The cafe and soda fountain were to the left, and through the archway Jim saw a few people at breakfast. Immediately inside the door was the small newsstand, where morning papers were stacked high, mostly the Santa Barbara daily; there were also magazines, and to one side a revolving wire rack filled with paperback books.
“I used to buy paperbacks here,” he said. “I loved books even back then, couldn’t get enough of them.”

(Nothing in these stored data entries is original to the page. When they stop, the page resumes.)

lemma delta_part_act_lift_GL:
  assumes k: "k \<in> GL Q d" and g: "g \<in> G" and g': "g' \<in> G"
  shows "delta_part (act Qt (lift_GL k g g') (assemble g X)) = g'"
proof
  fix i show "delta_part (act Qt (lift_GL k g g') (assemble g X)) i = g' i"
  proof (cases "i \<in> W")
    case False
    then show ?thesis using Gstar_outside[OF g'] by (simp add: delta_part_def)
  next
    case True
    note mats = Gstar_vertex[OF g True] Gstar_vertex[OF g' True] GL_vertex_Wset[OF k True]
    consider (sink) "i \<in> SK" | (source) "i \<in> SO" using True Wset_cases by blast
    then show ?thesis
    proof cases
      case sink
      have "delta_part (act Qt (lift_GL k g g') (assemble g X)) i
          = g' i * k i * minv (g i) * g i * minv (k i)"
        using sink True tildeQ_sink[OF sink]
        by (simp add: delta_part_def act_def lift_GL_def assemble_def quiver_simps)
      also have "\<dots> = g' i"
        using mats by (auto simp: minv_cancel(3,4))
      finally show ?thesis .
    next
      case source
      have "delta_part (act Qt (lift_GL k g g') (assemble g X)) i
          = k i * g i * minv (minv (g' i) * k i * g i)"
        using source True tildeQ_source[OF source] sourceW_D[OF source]
        by (simp add: delta_part_def act_def lift_GL_def assemble_def quiver_simps)
      also have "\<dots> = g' i"
        by (rule mult_minv_conj_cancel) (use mats in auto)
      finally show ?thesis .
    qed
  qed
qed

lemma act_lift_GL_assemble:
  assumes k: "k \<in> GL Q d" and g: "g \<in> G" and g': "g' \<in> G" and X: "X \<in> R"
  shows "act Qt (lift_GL k g g') (assemble g X) = assemble g' (act Q k X)"
proof -
  note h = lift_GL_in_GL[OF k g g']
  have "act Qt (lift_GL k g g') (assemble g X) \<in> U"
    by (rule act_in_U[OF assemble_in_U[OF g X] h])
  moreover have "\<pi> (act Qt (lift_GL k g g') (assemble g X)) = act Q k X"
    using pi_act[OF assemble_in_U[OF g X] h] pi_assemble[OF g X] base_part_lift_GL[OF k] by simp
  ultimately show ?thesis
    using assemble_delta_part_pi delta_part_act_lift_GL[OF k g g'] by metis
qed

lemma orbit_preimage:
  assumes V: "V \<in> U"
  shows "U \<inter> \<pi> -` orbit Q d (\<pi> V) = orbit Qt dt V"
proof
  show "orbit Qt dt V \<subseteq> U \<inter> \<pi> -` orbit Q d (\<pi> V)"
    using act_in_U[OF V] pi_act[OF V] base_part_GL unfolding orbit_def by blast
  show "U \<inter> \<pi> -` orbit Q d (\<pi> V) \<subseteq> orbit Qt dt V"
  proof
    fix V' assume V': "V' \<in> U \<inter> \<pi> -` orbit Q d (\<pi> V)"
    then obtain k where k: "k \<in> GL Q d" and \<pi>V': "\<pi> V' = act Q k (\<pi> V)"
      unfolding orbit_def by blast
    have "V' \<in> U" using V' by blast
    let ?h = "lift_GL k (delta_part V) (delta_part V')"
    have "act Qt ?h V = V'"
      using act_lift_GL_assemble[OF k delta_part_in_Gstar[OF V] delta_part_in_Gstar[OF \<open>V' \<in> U\<close>]
          pi_in_R[OF V]]
      unfolding assemble_delta_part_pi[OF V] \<pi>V'[symmetric] assemble_delta_part_pi[OF \<open>V' \<in> U\<close>] .
    with lift_GL_in_GL[OF k delta_part_in_Gstar[OF V] delta_part_in_Gstar[OF \<open>V' \<in> U\<close>]]
    show "V' \<in> orbit Qt dt V"
      unfolding orbit_def by force
  qed
qed

lemma orbits_in_subset_R: "Ob \<in> orbits_in Q d R \<Longrightarrow> Ob \<subseteq> R"
  using orbit_subset_R unfolding orbits_in_def by blast

lemma preimage_orbits_in:
  "(\<lambda>Ob. U \<inter> \<pi> -` Ob) ` orbits_in Q d R = orbits_in Qt dt (U :: (nat + nat \<Rightarrow> 'a::field mat) set)"
proof (intro equalityI subsetI)
  fix P :: "(nat + nat \<Rightarrow> 'a mat) set"
  assume "P \<in> (\<lambda>Ob. U \<inter> \<pi> -` Ob) ` orbits_in Q d R"
  then obtain X :: "nat \<Rightarrow> 'a mat" where X: "X \<in> R" and P: "P = U \<inter> \<pi> -` orbit Q d X"
    unfolding orbits_in_def by blast
  obtain g :: "nat \<Rightarrow> 'a mat" where g: "g \<in> G" using Gstar_nonempty by blast
  have "P = orbit Qt dt (assemble g X)"
    using orbit_preimage[OF assemble_in_U[OF g X]] pi_assemble[OF g X] P by simp
  then show "P \<in> orbits_in Qt dt U"
    using assemble_in_U[OF g X] unfolding orbits_in_def by blast
next
  fix P :: "(nat + nat \<Rightarrow> 'a mat) set"
  assume "P \<in> orbits_in Qt dt U"
  then obtain V where V: "V \<in> U" and P: "P = orbit Qt dt V"
    unfolding orbits_in_def by blast
  have "orbit Q d (\<pi> V) \<in> orbits_in Q d R"
    using pi_in_R[OF V] unfolding orbits_in_def by blast
  with orbit_preimage[OF V] P show "P \<in> (\<lambda>Ob. U \<inter> \<pi> -` Ob) ` orbits_in Q d R"
    by (metis image_eqI)
qed

end

theorem theorem5p3:
  fixes n :: nat and fw :: "nat \<Rightarrow> bool" and d :: "nat \<Rightarrow> nat"
  defines "Q \<equiv> typeA n fw" and "Qt \<equiv> tildeQ n fw" and "dt \<equiv> tilde_dim d"
  defines "U \<equiv> (Uset n fw d :: (nat + nat \<Rightarrow> 'a::field mat) set)" and "\<pi> \<equiv> piQ n fw"
  defines "R \<equiv> (rep_space Q d :: (nat \<Rightarrow> 'a mat) set)"
  defines "CR \<equiv> rep_coords Q d" and "CU \<equiv> rep_coords Qt dt"
  shows
    "bij_betw (\<lambda>Ob. U \<inter> \<pi> -` Ob) (orbits_in Q d R) (orbits_in Qt dt U)
     \<and> (\<forall>Ob \<in> orbits_in Q d R. \<pi> ` (U \<inter> \<pi> -` Ob) = Ob)
     \<and> (\<forall>P \<in> orbits_in Qt dt U. U \<inter> \<pi> -` (\<pi> ` P) = P)
     \<and> bij_betw (\<lambda>C. U \<inter> \<pi> -` C)
         {zcl CR R Ob | Ob. Ob \<in> orbits_in Q d R}
         {zcl CU U P | P. P \<in> orbits_in Qt dt U}
     \<and> (\<forall>Ob \<in> orbits_in Q d R. \<pi> ` (U \<inter> \<pi> -` (zcl CR R Ob)) = zcl CR R Ob)
     \<and> (\<forall>P \<in> orbits_in Qt dt U. U \<inter> \<pi> -` (\<pi> ` (zcl CU U P)) = zcl CU U P)
     \<and> (\<forall>Ob \<in> orbits_in Q d R.
          var_iso CU (zcl CU U (U \<inter> \<pi> -` Ob))
                  (prod_coords (Gstar_coords n fw d) CR) (Gstar n fw d \<times> zcl CR R Ob))"
proof -
  interpret T: tilde_quiver n fw d .
  interpret trivial_family CU U "Gstar_coords n fw d" "Gstar n fw d" CR R \<pi> T.delta_part T.assemble
    unfolding assms by (rule T.trivial_family)
  have orbits: "(\<lambda>Ob. U \<inter> \<pi> -` Ob) ` orbits_in Q d R = orbits_in Qt dt U"
    unfolding assms by (rule T.preimage_orbits_in)
  have orbits_sub: "\<And>Ob. Ob \<in> orbits_in Q d R \<Longrightarrow> Ob \<subseteq> R"
    unfolding assms by (rule T.orbits_in_subset_R)
  have closures: "(\<lambda>C. U \<inter> \<pi> -` C) ` {zcl CR R Ob | Ob. Ob \<in> orbits_in Q d R}
      = {zcl CU U P | P. P \<in> orbits_in Qt dt U}"
    using preimage_zcls[OF orbits_sub] orbits by simp
  note orbits_bij = bij_betw_preimage[OF image_preimage[OF orbits_sub] orbits]
  have "\<And>C. C \<in> {zcl CR R Ob | Ob. Ob \<in> orbits_in Q d R} \<Longrightarrow> \<pi> ` (U \<inter> \<pi> -` C) = C"
    using image_preimage[OF zcl_subset] by blast
  note closures_bij = bij_betw_preimage[OF this closures]
  show ?thesis
  proof (intro conjI ballI)
    fix Ob assume Ob: "Ob \<in> orbits_in Q d R"
    show "\<pi> ` (U \<inter> \<pi> -` Ob) = Ob" by (rule image_preimage[OF orbits_sub[OF Ob]])
    show "\<pi> ` (U \<inter> \<pi> -` zcl CR R Ob) = zcl CR R Ob" by (rule image_preimage[OF zcl_subset])
    show "var_iso CU (zcl CU U (U \<inter> \<pi> -` Ob)) (prod_coords (Gstar_coords n fw d) CR)
        (Gstar n fw d \<times> zcl CR R Ob)"
      unfolding zcl_preimage[OF orbits_sub[OF Ob]] by (rule preimage_var_iso[OF zcl_subset])
  next
    fix P assume P: "P \<in> orbits_in Qt dt U"
    show "U \<inter> \<pi> -` (\<pi> ` P) = P"
      using orbits_bij(2) P by blast
    have "zcl CU U P \<in> {zcl CU U P | P. P \<in> orbits_in Qt dt U}" using P by blast
    then show "U \<inter> \<pi> -` (\<pi> ` zcl CU U P) = zcl CU U P"
      using closures_bij(2) by blast
  qed (simp_all only: orbits_bij(1) closures_bij(1))
qed

end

The pharmacy was through another archway to the right. It resembled any modern American pharmacy in that it stocked more cosmetics, beauty aids, and hair-care products than patent medicines. Otherwise, it was pleasantly quaint: wood shelves instead of metal or fiberboard; polished-granite counters; an appealing aroma composed of bayberry candles, nickel candy, cigar-tobacco effluvium filtering from the humidified case behind the cash register, faint traces of ethyl alcohol, and sundry pharmaceuticals.
Though the hour was early, the pharmacist was on duty, serving as his own checkout clerk. It was Corbett Handahl himself, a heavy wide-shouldered man with a white mustache and white hair, wearing a crisp blue shirt under his starched white lab jacket.
He looked up and said, “Jim Ironheart, bless my soul. How long’s it been—at least three, four years?”
They shook hands.
“Four years and four months,” Jim said. He almost added,
since grandpa died,
but checked himself without quite knowing why.